TASK PROMPT: From the following material, work out how many lines include the string "onto"; respond with the number only.
(SUPPLIED INFORMATION begins)
lemma partial_pseudo_orbit_traced:
  assumes onto: "T ` X = X" and spec: "partially_specifiable X T M \<eta>"
    and chains: "chains_traced X T (max L N1) \<delta> \<eta>"
    and \<eta>: "0 < \<eta>" "\<eta> \<le> 1" "4 * \<eta> \<le> \<epsilon>" and gap: "real M + 1 \<le> \<eta> * real L"
    and N1: "2 * real L \<le> \<eta> * real N1"
    and \<delta>: "0 < \<delta>" "\<delta> * real L \<le> \<eta>" "\<delta> * (real N1 + 1) \<le> 1"
    and "1 \<le> N" and x: "\<And>n. 1 \<le> n \<Longrightarrow> n \<le> N \<Longrightarrow> x n \<in> X" and ppo: "partial_pseudo_orbit T \<delta> x N"
  shows "\<exists>y\<in>X. partially_traced T \<epsilon> x N y"
proof (cases "N \<le> N1")
  case True
  then have "\<delta> * real (N - 1) \<le> \<delta> * real N1"
    using \<delta>(1) by (intro mult_left_mono) auto
  then have "\<delta> * real (N - 1) < 1"
    using \<delta>(1,3) distrib_left[of \<delta> "real N1" 1] by linarith
  moreover have "chains_traced X T (N - 1) \<delta> \<eta>"
    using chains_traced_mono[OF chains] True by simp
  ultimately show ?thesis
    using short_partial_pseudo_orbit_traced[OF onto \<open>1 \<le> N\<close> x ppo] \<eta> by simp
next
  case False
  then have "2 * real L < \<eta> * real N"
    using N1 \<eta>(1) by (smt (verit) mult_strict_left_mono not_le of_nat_less_iff)
  moreover have "chains_traced X T L \<delta> \<eta>"
    using chains_traced_mono[OF chains] by simp
  ultimately show ?thesis
    using long_partial_pseudo_orbit_traced[OF spec _ x ppo \<eta> gap] \<delta>(1,2) by simp
qed

lemma le_mult_nat_ceiling_divide:
  assumes "0 < \<eta>"
  shows "c \<le> \<eta> * real (nat \<lceil>c / \<eta>\<rceil>)"
  using real_nat_ceiling_ge[of "c / \<eta>"] assms by (simp add: pos_divide_le_eq mult.commute)

lemma partial_specification_imp_partial_shadowing:
  assumes "compact X" and "continuous_on X T" and onto: "T ` X = X"
    and "partial_specification X T P" and "infinite P"
  shows "partial_shadowing X T"
  unfolding partial_shadowing_def
proof (intro allI impI)
  fix \<epsilon> :: real
  assume "\<epsilon> > 0"
  define \<eta> where "\<eta> = min \<epsilon> 1 / 4"
  have \<eta>: "0 < \<eta>" "\<eta> \<le> 1" "4 * \<eta> \<le> \<epsilon>"
    using \<open>\<epsilon> > 0\<close> unfolding \<eta>_def by auto
  obtain M where spec: "partially_specifiable X T M \<eta>"
    using partial_specification_imp_partially_specifiable[OF assms(4,5) onto \<eta>(1)] .
  define L where "L = nat \<lceil>(real M + 1) / \<eta>\<rceil>"
  define N1 where "N1 = nat \<lceil>2 * real L / \<eta>\<rceil>"
  have gap: "real M + 1 \<le> \<eta> * real L"
    unfolding L_def by (rule le_mult_nat_ceiling_divide[OF \<eta>(1)])
  then have "0 < L"
    using \<eta>(1) by (cases L) auto
  have N1: "2 * real L \<le> \<eta> * real N1"
    unfolding N1_def by (rule le_mult_nat_ceiling_divide[OF \<eta>(1)])
  obtain \<delta>0 where "\<delta>0 > 0" and chains: "chains_traced X T (max L N1) \<delta>0 \<eta>"
    using uniformly_continuous_chains_traced[OF compact_uniformly_continuous[OF assms(2,1)] _ \<eta>(1)]
      onto by blast
  \<comment> \<open>\<open>\<delta> * (N1 + 1) \<le> 1\<close> makes short partial pseudo-orbits genuine ones; \<open>\<delta> * L \<le> \<eta>\<close> bounds
    the blocks containing a bad step by \<open>\<eta> * N / L\<close>.\<close>
  define \<delta> where "\<delta> = min \<delta>0 (min (\<eta> / real L) (1 / (real N1 + 1)))"
  have \<delta>: "0 < \<delta>" "\<delta> * real L \<le> \<eta>" "\<delta> * (real N1 + 1) \<le> 1"
    using \<open>\<delta>0 > 0\<close> \<eta>(1) \<open>0 < L\<close>
    by (auto simp: \<delta>_def pos_le_divide_eq[symmetric] min.coboundedI1 min.coboundedI2)
  have "chains_traced X T (max L N1) \<delta> \<eta>"
    using chains_traced_mono[OF chains] by (simp add: \<delta>_def)
  note traced = partial_pseudo_orbit_traced[OF onto spec this \<eta> gap N1 \<delta>]
  show "\<exists>\<delta>>0. \<forall>N x. 1 \<le> N \<and> (\<forall>n\<in>{1..N}. x n \<in> X) \<and> partial_pseudo_orbit T \<delta> x N
      \<longrightarrow> (\<exists>y\<in>X. partially_traced T \<epsilon> x N y)"
  proof (intro exI[of _ \<delta>] conjI allI impI)
    fix N and x :: "nat \<Rightarrow> 'a"
    assume "1 \<le> N \<and> (\<forall>n\<in>{1..N}. x n \<in> X) \<and> partial_pseudo_orbit T \<delta> x N"
    then show "\<exists>y\<in>X. partially_traced T \<epsilon> x N y"
      using traced[of N x] by simp
  qed (rule \<delta>(1))
qed

theorem lemma4p7:
  fixes X :: "'a::metric_space set" and T :: "'a \<Rightarrow> 'a" and P :: "nat set"
  assumes "dyn_sys X T"
    and "bounded_gaps P"
    and "partial_specification X T P"
  shows "partial_shadowing X T"
proof -
  have "compact X" "continuous_on X T" "T ` X = X"
    using assms(1) homeomorphism_cont1 unfolding dyn_sys_def by blast+
  moreover have "infinite P"
    using assms(2) by (rule bounded_gaps_imp_infinite)
  ultimately show ?thesis
    using assms(3) partial_specification_imp_partial_shadowing by blast
qed

end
(SUPPLIED INFORMATION ends)
ANSWER SPACE: 6